Federal Judge Dismisses SEC Lawsuit Against HEX Founder

In a notable win for the crypto sector, a U.S. federal judge dismissed the SEC’s enforcement action against Richard Heart (founder of the HEX, PulseChain, and PulseX projects). The lawsuit, filed in July 2023, alleged that Mr. Heart raised more than US$1 billion via unregistered offerings and misappropriated at least US$12.1 million of investor funds for his own benefit.

On February 28, 2025, U.S. District Judge Carol Bagley Amon (Eastern District of New York) dismissed the case, concluding that the SEC failed to demonstrate sufficient U.S. jurisdiction over Heart’s alleged actions.

Specifically, the court found:

  • The online statements and promotional materials targeted a global audience, not the U.S. market.

  • The complaint did not show that transactions occurred with U.S.-based investors through U.S. exchanges or wallets.

  • The alleged misappropriation occurred via digital wallets and crypto platforms outside the U.S. and lacked any clear U.S. tie.

The dismissal marks a rare instance in which the SEC’s enforcement campaign in the crypto-asset space was rebuffed entirely.

LEGAL & REGULATORY ANALYSIS

1. Jurisdictional Hurdles & “Targeting” U.S. Investors
Under U.S. securities law (notably the Securities Act of 1933 and Securities Exchange Act of 1934), the SEC must show that securities offerings were directed to U.S. investors or otherwise had significant domestic connections. In Heart’s case, the court found the promotional materials globally accessible and not specifically targeted at U.S. persons.

This highlights a key defense in crypto enforcement: if the issuer’s outreach and operations are global and not explicitly U.S.-focussed, the SEC’s ability to exert jurisdiction may weaken.

2. Unregistered Offerings & Securities Characterization
The SEC’s original complaint alleged that HEX, PulseChain, and PulseX constituted unregistered securities (via tokens, “staking” returns, and yield promises).

However, because the court dismissed on jurisdictional grounds, it did not rule on whether the tokens were actually securities. Instead, the ruling means the SEC must decide whether to appeal, refile with stronger U.S. nexus evidence, or abandon the matter.

3. Fraud / Misappropriation Claims
The complaint claimed Heart misused investor funds to purchase luxury items and that a portion of the proceeds was diverted. The court found the SEC did not sufficiently tie those acts to U.S.-based transactions or U.S. wallets.

From a legal perspective, even compelling allegations of fraud must be connected to U.S. law and territory to give the SEC standing.

4. Implications for Crypto Enforcement Strategy
This decision may moderate momentum in the SEC’s crypto enforcement playbook. It suggests that for large crypto-asset cases involving overseas operations or global offerings, the question of where and to whom tokens were offered is as crucial as the substance of the offering itself.

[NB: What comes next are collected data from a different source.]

lemma protocol_Zstat_deviation:
  fixes k :: nat and n lam a :: real and p :: "nat pmf"
  assumes n: "0 < n" and lam: "0 < lam" and p: "set_pmf p \<subseteq> {1..k}" and a: "0 < a"
  defines "L \<equiv> \<lambda>j. n * pmf p j + lam / 2"
  defines "D \<equiv> \<Sum>j\<in>{1..k}. (L j - mu k n lam)^2"
    and "V \<equiv> \<Sum>j\<in>{1..k}. 2 * L j ^ 2 + 4 * (L j - mu k n lam)^2 * L j"
  shows "measure_pmf.prob (protocol k n lam p) {M. a \<le> \<bar>n / real k * Zstat k n lam M - D\<bar>}
    \<le> V / a^2 + exp (- n)"
proof -
  let ?m = "mu k n lam"
  let ?E = "{v. a \<le> \<bar>\<Sum>j\<in>{1..k}. chi2_dev ?m (L j) (v j)\<bar>}"
  have L: "0 \<le> L j" for j
    using n lam by (simp add: L_def)
  have model: "Pi_pmf {1..k} 0 (\<lambda>j. pois (L j)) =
      bind_pmf (pois n) (\<lambda>N. add_pmf (multinomial_pmf N p) (Pi_pmf {1..k} 0 (\<lambda>_. pois (lam / 2))))"
    unfolding L_def using n lam p by (intro Pi_pmf_pois_eq_bind_multinomial) auto
  have "{M. a \<le> \<bar>n / real k * Zstat k n lam M - D\<bar>} = count_ones {1..k} -` ?E"
    unfolding D_def Zstat_eq_chi2_dev_sum[OF n] by auto
  then have "measure_pmf.prob (protocol k n lam p) {M. a \<le> \<bar>n / real k * Zstat k n lam M - D\<bar>} =
      measure_pmf.prob (map_pmf (count_ones {1..k}) (protocol k n lam p)) ?E"
    by (simp add: measure_map_pmf)
  also have "\<dots> \<le> measure_pmf.prob (Pi_pmf {1..k} 0 (\<lambda>j. pois (L j))) ?E + pmf (pois n) 0"
    unfolding count_ones_protocol[OF n lam p] model by (rule prob_bind_pmf_le_if_eq_except) simp
  also have "measure_pmf.prob (Pi_pmf {1..k} 0 (\<lambda>j. pois (L j))) ?E \<le>
      (\<Sum>j\<in>{1..k}. measure_pmf.expectation (pois (L j)) (\<lambda>y. (chi2_dev ?m (L j) y)^2)) / a^2"
    by (rule Pi_pmf_sum_components_Chebyshev) (simp_all add: pois_chi2_dev L a)
  also have "\<dots> = V / a^2"
    unfolding V_def using L by (simp add: pois_chi2_dev)
  finally show ?thesis
    using n by (simp add: pmf_pois)
qed

lemma protocol_Zstat_tails:
  fixes k :: nat and n lam t :: real and p :: "nat pmf"
  assumes n: "0 < n" and lam: "0 < lam" and p: "set_pmf p \<subseteq> {1..k}"
  defines "L \<equiv> \<lambda>j. n * pmf p j + lam / 2"
  defines "D \<equiv> \<Sum>j\<in>{1..k}. (L j - mu k n lam)^2"
    and "V \<equiv> \<Sum>j\<in>{1..k}. 2 * L j ^ 2 + 4 * (L j - mu k n lam)^2 * L j"
  shows "D < t * n / real k \<Longrightarrow> measure_pmf.prob (protocol k n lam p) {M. t \<le> Zstat k n lam M}
      \<le> V / (t * n / real k - D)^2 + exp (- n)"
    and "t * n / real k < D \<Longrightarrow> measure_pmf.prob (protocol k n lam p) {M. Zstat k n lam M \<le> t}
      \<le> V / (D - t * n / real k)^2 + exp (- n)"
proof -
  let ?Q = "protocol k n lam p" and ?Y = "\<lambda>M. n / real k * Zstat k n lam M"
  have scale: "n / real k * t = t * n / real k"
    by simp
  have mono: "n / real k * x \<le> n / real k * y" if "x \<le> y" for x y
    using that n by (intro mult_left_mono) auto
  have up: "x \<le> y \<Longrightarrow> x - D \<le> \<bar>y - D\<bar>" and down: "x \<le> y \<Longrightarrow> D - y \<le> \<bar>x - D\<bar>" for x y :: real
    using abs_ge_self[of "y - D"] abs_ge_minus_self[of "x - D"] by linarith+
  show "measure_pmf.prob ?Q {M. t \<le> Zstat k n lam M} \<le> V / (t * n / real k - D)^2 + exp (- n)"
    if "D < t * n / real k"
  proof -
    have "measure_pmf.prob ?Q {M. t \<le> Zstat k n lam M}
        \<le> measure_pmf.prob ?Q {M. t * n / real k - D \<le> \<bar>?Y M - D\<bar>}"
      using up[OF mono] by (intro measure_pmf.finite_measure_mono) (auto simp flip: scale)
    also have "\<dots> \<le> V / (t * n / real k - D)^2 + exp (- n)"
      using that protocol_Zstat_deviation[OF n lam p, of "t * n / real k - D"]
      unfolding D_def V_def L_def by simp
    finally show ?thesis .
  qed
  show "measure_pmf.prob ?Q {M. Zstat k n lam M \<le> t} \<le> V / (D - t * n / real k)^2 + exp (- n)"
    if "t * n / real k < D"
  proof -
    have "measure_pmf.prob ?Q {M. Zstat k n lam M \<le> t}
        \<le> measure_pmf.prob ?Q {M. D - t * n / real k \<le> \<bar>?Y M - D\<bar>}"
      using down[OF mono] by (intro measure_pmf.finite_measure_mono) (auto simp flip: scale)
    also have "\<dots> \<le> V / (D - t * n / real k)^2 + exp (- n)"
      using that protocol_Zstat_deviation[OF n lam p, of "D - t * n / real k"]
      unfolding D_def V_def L_def by simp
    finally show ?thesis .
  qed
qed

It may also encourage international token issuers to structure offerings in ways that minimize U.S. exposure, though this raises reputational and regulatory risk in other jurisdictions.

KEY TAKEAWAYS

  • Issuers & Token Projects: When structuring offerings, ensure documentation clearly addresses jurisdiction, investor residency, wallet location, and marketing geography. A lack of U.S. nexus may provide a defense, but strong compliance begins with proper registration or exemption review.

  • Advisors & Counsel: Legal advisors should emphasize the need for jurisdictional mapping (who is offered, where funds originate, where wallets are located). It’s insufficient to rely solely on global-access tokens as a shield.

  • Investors: Even where tokens may appear unregistered or risky, the ability of regulators to act depends on proof of U.S. nexus. Due diligence should include jurisdictional footprints, not just token economics.

  • Regulation: The ruling signals limits to the SEC’s reach and suggests future enforcement may require stronger facts of U.S. connection or partnerships with foreign regulators.

The Heart case is significant not because it resolves the core issue of how crypto tokens should be regulated, but because it underscores jurisdiction as a gatekeeper. Though the SEC’s allegations were serious — unregistered offerings, fraud, luxury-asset purchases — the court’s ruling turned on the ability to tie those actions to the U.S. legal regime.

For now, issuers outside the U.S. or globally oriented may view the decision as a legal victory. But it should not be interpreted as a carte-blanche for non-compliance. The SEC retains other tools and may appeal or adjust its strategy. For stakeholders in the crypto space, jurisdictional design and registration strategy remain paramount.

This case serves as a crucial reminder: enforcing U.S. securities law in the digital-asset space remains highly fact-specific, and each case is unique. Preparation, documentation, and architectural clarity are key.